Таким он всегда оставался и в жизни — несгибаемым, гордым, зачастую по-ослиному упертым. Она любила его просто потому, что любила, а за несгибаемость уважала, редко в ком наблюдая такую же постоянную стойкость и душевную чистоту. Знала, что только до нее он в отношении с женщинами вел себя, как большинство в киношном мире, распутно, однако во всем другом и до нее слыл принципиальным. И притом не занудным.

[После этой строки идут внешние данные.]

lemma decoupling_on_interval:
  assumes C: "C \<in> decoupling_constants (1 / real n)" and "0 < n" "0 < s"
    and g: "integrable lborel g"
  shows "L12_norm (ext_op {a .. a + s} g)
      \<le> C * enn_root 4 (\<Sum>j<n.
          L12_norm (ext_op {a + s * (real j / real n) .. a + s * ((real j + 1) / real n)} g) ^ 4)"
proof -
  define h where "h = (\<lambda>\<eta>. g (a + s * \<eta>))"
  define K where "K = enn_root 12 (ennreal (s^6))"
  have g_meas [measurable]: "g \<in> borel_measurable borel"
    using borel_measurable_integrable[OF g] by simp
  have "integrable lborel h"
    unfolding h_def using g \<open>0 < s\<close> by (intro lborel_integrable_real_affine) auto
  then have bound_h: "L12_norm (ext_op {0..1} h)
      \<le> C * enn_root 4 (\<Sum>j<n. L12_norm (ext_op (grid_ivl n j) h) ^ 4)"
    using C \<open>0 < n\<close> by (simp add: decoupling_constants_iff)
  have "L12_norm (ext_op {a .. a + s} g) = K * L12_norm (ext_op {0..1} h)"
    using L12_norm_ext_op_affine[OF \<open>0 < s\<close>, of g a 0 1] by (simp add: K_def h_def)
  also have "\<dots> \<le> K * (C * enn_root 4 (\<Sum>j<n. L12_norm (ext_op (grid_ivl n j) h) ^ 4))"
    using bound_h by (rule mult_left_mono) simp
  also have "\<dots> = C * enn_root 4 (\<Sum>j<n. (K * L12_norm (ext_op (grid_ivl n j) h)) ^ 4)"
    using enn_root_power[of 4 K]
    by (simp add: enn_root_mult power_mult_distrib mult_ac flip: sum_distrib_left)
  also have "\<dots> = C * enn_root 4 (\<Sum>j<n.
      L12_norm (ext_op {a + s * (real j / real n) .. a + s * ((real j + 1) / real n)} g) ^ 4)"
    unfolding L12_norm_ext_op_affine[OF \<open>0 < s\<close> g_meas] K_def h_def grid_ivl_def ..
  finally show ?thesis .
qed

lemma decoupling_constants_mult:
  assumes "0 < m" "0 < n"
    and C1: "C1 \<in> decoupling_constants (1 / real m)"
    and C2: "C2 \<in> decoupling_constants (1 / real n)"
  shows "C1 * C2 \<in> decoupling_constants (1 / real (m * n))"
proof -
  have grid_coarse: "grid_ivl m i = {real i / real m .. real i / real m + 1 / real m}" for i
    by (simp add: grid_ivl_def add_divide_distrib)
  have grid_fine: "grid_ivl (m * n) (i * n + j) = {real i / real m + 1 / real m * (real j / real n)
      .. real i / real m + 1 / real m * ((real j + 1) / real n)}" for i j
    using assms(1,2) by (simp add: grid_ivl_def field_simps)
  have "L12_norm (ext_op {0..1} g)
      \<le> C1 * C2 * enn_root 4 (\<Sum>k<m * n. L12_norm (ext_op (grid_ivl (m * n) k) g) ^ 4)"
    if g: "integrable lborel g" for g
  proof -
    have piece: "L12_norm (ext_op (grid_ivl m i) g) ^ 4
        \<le> C2 ^ 4 * (\<Sum>j<n. L12_norm (ext_op (grid_ivl (m * n) (i * n + j)) g) ^ 4)" for i
    proof -
      have "L12_norm (ext_op (grid_ivl m i) g)
          \<le> C2 * enn_root 4 (\<Sum>j<n. L12_norm (ext_op (grid_ivl (m * n) (i * n + j)) g) ^ 4)"
        unfolding grid_fine grid_coarse
        by (rule decoupling_on_interval[OF C2 \<open>0 < n\<close> _ g]) (simp add: \<open>0 < m\<close>)
      from power_mono[OF this, of 4] show ?thesis
        using power_enn_root[of 4] by (simp add: power_mult_distrib)
    qed
    have "L12_norm (ext_op {0..1} g) \<le> C1 * enn_root 4 (\<Sum>i<m. L12_norm (ext_op (grid_ivl m i) g) ^ 4)"
      using C1 g \<open>0 < m\<close> by (simp add: decoupling_constants_iff)
    also have "\<dots> \<le> C1 * enn_root 4 (\<Sum>i<m. C2 ^ 4 *
        (\<Sum>j<n. L12_norm (ext_op (grid_ivl (m * n) (i * n + j)) g) ^ 4))"
      by (intro mult_left_mono enn_root_mono sum_mono piece) simp_all
    also have "\<dots> = C1 * C2 * enn_root 4 (\<Sum>k<m * n. L12_norm (ext_op (grid_ivl (m * n) k) g) ^ 4)"
      using enn_root_power[of 4 C2]
      by (simp add: sum_lessThan_mult_nat enn_root_mult mult_ac flip: sum_distrib_left)
    finally show ?thesis .
  qed
  with assms(1,2) show ?thesis
    by (subst decoupling_constants_iff) auto
qed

Запомнилось, как между окончанием работы над «Исцелителем» и премьерой все вокруг как-то умирали, умирали, умирали, любимые и нелюбимые, приятные и ненавистные: Бергман и Антониони, причем оба в один день, вечно пьяный Ельцин и муж своей властной жены Ростропович, ненавистный Кирилл Лавров и прекрасная Таня Лаврова, замечательные Стасик Ростоцкий и Нина Меньшикова, хмурый Элем Климов и веселый Вадик Захарченко, умер любимый Терентьевич — хирург-бог, умер патриарх, подаривший ему икону-идею, умер Солженицын, когда-то снабдивший Незримова целебным зельем от рака. На похоронах Солженицына мелькнул и Адамантов, ныне уже генерал ФСБ. Не сдержался и шепнул Эолу Федоровичу:
— А все-таки покойный был изрядная сволочь!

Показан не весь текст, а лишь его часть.